» WHAT TO PRODUCE
Every entry should be given again exactly, with nothing dropped.

[Records from a collection]
(* (Poisson case as $\alpha\to0$.) Let $\gamma>0$, $\boldsymbol{z}\in\mathbb{N}^n$ and $\boldsymbol{y}=\gamma\boldsymbol{z}$. For $\alpha\in(0,1)$ let $\boldsymbol{\omega}=(\omega_1,\dots,\omega_n)$ have independent coordinates $\omega_i\sim\mathrm{Bin}(z_i,\alpha)$, and set $\boldsymbol{y}_1=\frac{\boldsymbol{y}-\gamma\boldsymbol{\omega}}{1-\alpha}$ and $\boldsymbol{y}_2=\frac1\alpha\boldsymbol{y}-\frac{1-\alpha}\alpha\boldsymbol{y}_1=\gamma\boldsymbol{\omega}/\alpha$. Let $f:\mathbb{R}^n\to\mathbb{R}^n$ be continuous. Then $$\lim_{\alpha\to0}\Big(\mathbb{E}_{\boldsymbol{\omega}}\|f(\boldsymbol{y}_1)-\boldsymbol{y}_2\|_2^2-\mathbb{E}_{\boldsymbol{\omega}}\|\boldsymbol{y}_2-\boldsymbol{y}\|_2^2\Big)=\|f(\boldsymbol{y})-\boldsymbol{y}\|_2^2+2\sum_{i=1}^n y_i\big(f_i(\boldsymbol{y})-f_i(\boldsymbol{y}-\gamma\boldsymbol{e}_i)\big),$$ where $\boldsymbol{e}_i$ is the $i$-th canonical basis vector of $\mathbb{R}^n$.
   Context: This is the GR2R re-corruption for the scaled Poisson model $\boldsymbol{y}=\gamma\boldsymbol{z}$, $\boldsymbol{z}\sim\mathcal{P}(\boldsymbol{x}/\gamma)$ (independent Poisson coordinates). The subtracted term $\mathbb{E}_{\boldsymbol{\omega}}\|\boldsymbol{y}_2-\boldsymbol{y}\|_2^2$ does not depend on $f$. *)

theory Defs
  imports "HOL-Analysis.Analysis" "HOL-Probability.Probability"
begin

definition omega_pmf :: "('n::finite \<Rightarrow> nat) \<Rightarrow> real \<Rightarrow> ('n \<Rightarrow> nat) pmf" where
  "omega_pmf z \<alpha> = Pi_pmf UNIV 0 (\<lambda>i. binomial_pmf (z i) \<alpha>)"

end

theory Submission
  imports Defs
begin

(* For 0 < alpha < 1 one has y2 = gamma omega / alpha, and expanding the squares gives
     |f(y1) - y2|^2 - |y2 - y|^2 = |f(y1)|^2 - |y|^2 + sum_i (omega_i / alpha) 2 gamma (y_i - f_i(y1)).
   The expectation is a finite sum over omega <= z.  As alpha -> 0 the probability of omega tends to
   the indicator of omega = 0, while omega_i P(omega) / alpha tends to z_i times the indicator of
   omega = e_i: among the binomial weights only the single-event one is of first order in alpha.
   Since y1 -> y - gamma omega and f is continuous, the limit is
   |f(y)|^2 - |y|^2 + sum_i 2 gamma z_i (y_i - f_i(y - gamma e_i)), a rearrangement of the claim. *)

lemma tendsto_pmf_binomial_at_right_0:
  "((\<lambda>p. pmf (binomial_pmf n p) k) \<longlongrightarrow> of_bool (k = 0)) (at_right (0::real))"
proof -
  let ?q = "\<lambda>p. real (n choose k) * p ^ k * (1 - p) ^ (n - k)"
  have "(?q \<longlongrightarrow> ?q 0) (at_right 0)"
    by (intro tendsto_intros)
  moreover have "\<forall>\<^sub>F p in at_right 0. ?q p = pmf (binomial_pmf n p) k"
    by (auto simp: eventually_at_right_field intro!: exI[of _ 1])
  ultimately show ?thesis
    by (auto simp: power_0_left intro: Lim_transform_eventually)
qed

» PROBLEM SOLUTION
(* (Poisson case as $\alpha\to0$.) Let $\gamma>0$, $\boldsymbol{z}\in\mathbb{N}^n$ and $\boldsymbol{y}=\gamma\boldsymbol{z}$. For $\alpha\in(0,1)$ let $\boldsymbol{\omega}=(\omega_1,\dots,\omega_n)$ have independent coordinates $\omega_i\sim\mathrm{Bin}(z_i,\alpha)$, and set $\boldsymbol{y}_1=\frac{\boldsymbol{y}-\gamma\boldsymbol{\omega}}{1-\alpha}$ and $\boldsymbol{y}_2=\frac1\alpha\boldsymbol{y}-\frac{1-\alpha}\alpha\boldsymbol{y}_1=\gamma\boldsymbol{\omega}/\alpha$. Let $f:\mathbb{R}^n\to\mathbb{R}^n$ be continuous. Then $$\lim_{\alpha\to0}\Big(\mathbb{E}_{\boldsymbol{\omega}}\|f(\boldsymbol{y}_1)-\boldsymbol{y}_2\|_2^2-\mathbb{E}_{\boldsymbol{\omega}}\|\boldsymbol{y}_2-\boldsymbol{y}\|_2^2\Big)=\|f(\boldsymbol{y})-\boldsymbol{y}\|_2^2+2\sum_{i=1}^n y_i\big(f_i(\boldsymbol{y})-f_i(\boldsymbol{y}-\gamma\boldsymbol{e}_i)\big),$$ where $\boldsymbol{e}_i$ is the $i$-th canonical basis vector of $\mathbb{R}^n$.
   Context: This is the GR2R re-corruption for the scaled Poisson model $\boldsymbol{y}=\gamma\boldsymbol{z}$, $\boldsymbol{z}\sim\mathcal{P}(\boldsymbol{x}/\gamma)$ (independent Poisson coordinates). The subtracted term $\mathbb{E}_{\boldsymbol{\omega}}\|\boldsymbol{y}_2-\boldsymbol{y}\|_2^2$ does not depend on $f$. *)

theory Defs
  imports "HOL-Analysis.Analysis" "HOL-Probability.Probability"
begin

definition omega_pmf :: "('n::finite \<Rightarrow> nat) \<Rightarrow> real \<Rightarrow> ('n \<Rightarrow> nat) pmf" where
  "omega_pmf z \<alpha> = Pi_pmf UNIV 0 (\<lambda>i. binomial_pmf (z i) \<alpha>)"

end

theory Submission
  imports Defs
begin

(* For 0 < alpha < 1 one has y2 = gamma omega / alpha, and expanding the squares gives
     |f(y1) - y2|^2 - |y2 - y|^2 = |f(y1)|^2 - |y|^2 + sum_i (omega_i / alpha) 2 gamma (y_i - f_i(y1)).
   The expectation is a finite sum over omega <= z.  As alpha -> 0 the probability of omega tends to
   the indicator of omega = 0, while omega_i P(omega) / alpha tends to z_i times the indicator of
   omega = e_i: among the binomial weights only the single-event one is of first order in alpha.
   Since y1 -> y - gamma omega and f is continuous, the limit is
   |f(y)|^2 - |y|^2 + sum_i 2 gamma z_i (y_i - f_i(y - gamma e_i)), a rearrangement of the claim. *)

lemma tendsto_pmf_binomial_at_right_0:
  "((\<lambda>p. pmf (binomial_pmf n p) k) \<longlongrightarrow> of_bool (k = 0)) (at_right (0::real))"
proof -
  let ?q = "\<lambda>p. real (n choose k) * p ^ k * (1 - p) ^ (n - k)"
  have "(?q \<longlongrightarrow> ?q 0) (at_right 0)"
    by (intro tendsto_intros)
  moreover have "\<forall>\<^sub>F p in at_right 0. ?q p = pmf (binomial_pmf n p) k"
    by (auto simp: eventually_at_right_field intro!: exI[of _ 1])
  ultimately show ?thesis
    by (auto simp: power_0_left intro: Lim_transform_eventually)
qed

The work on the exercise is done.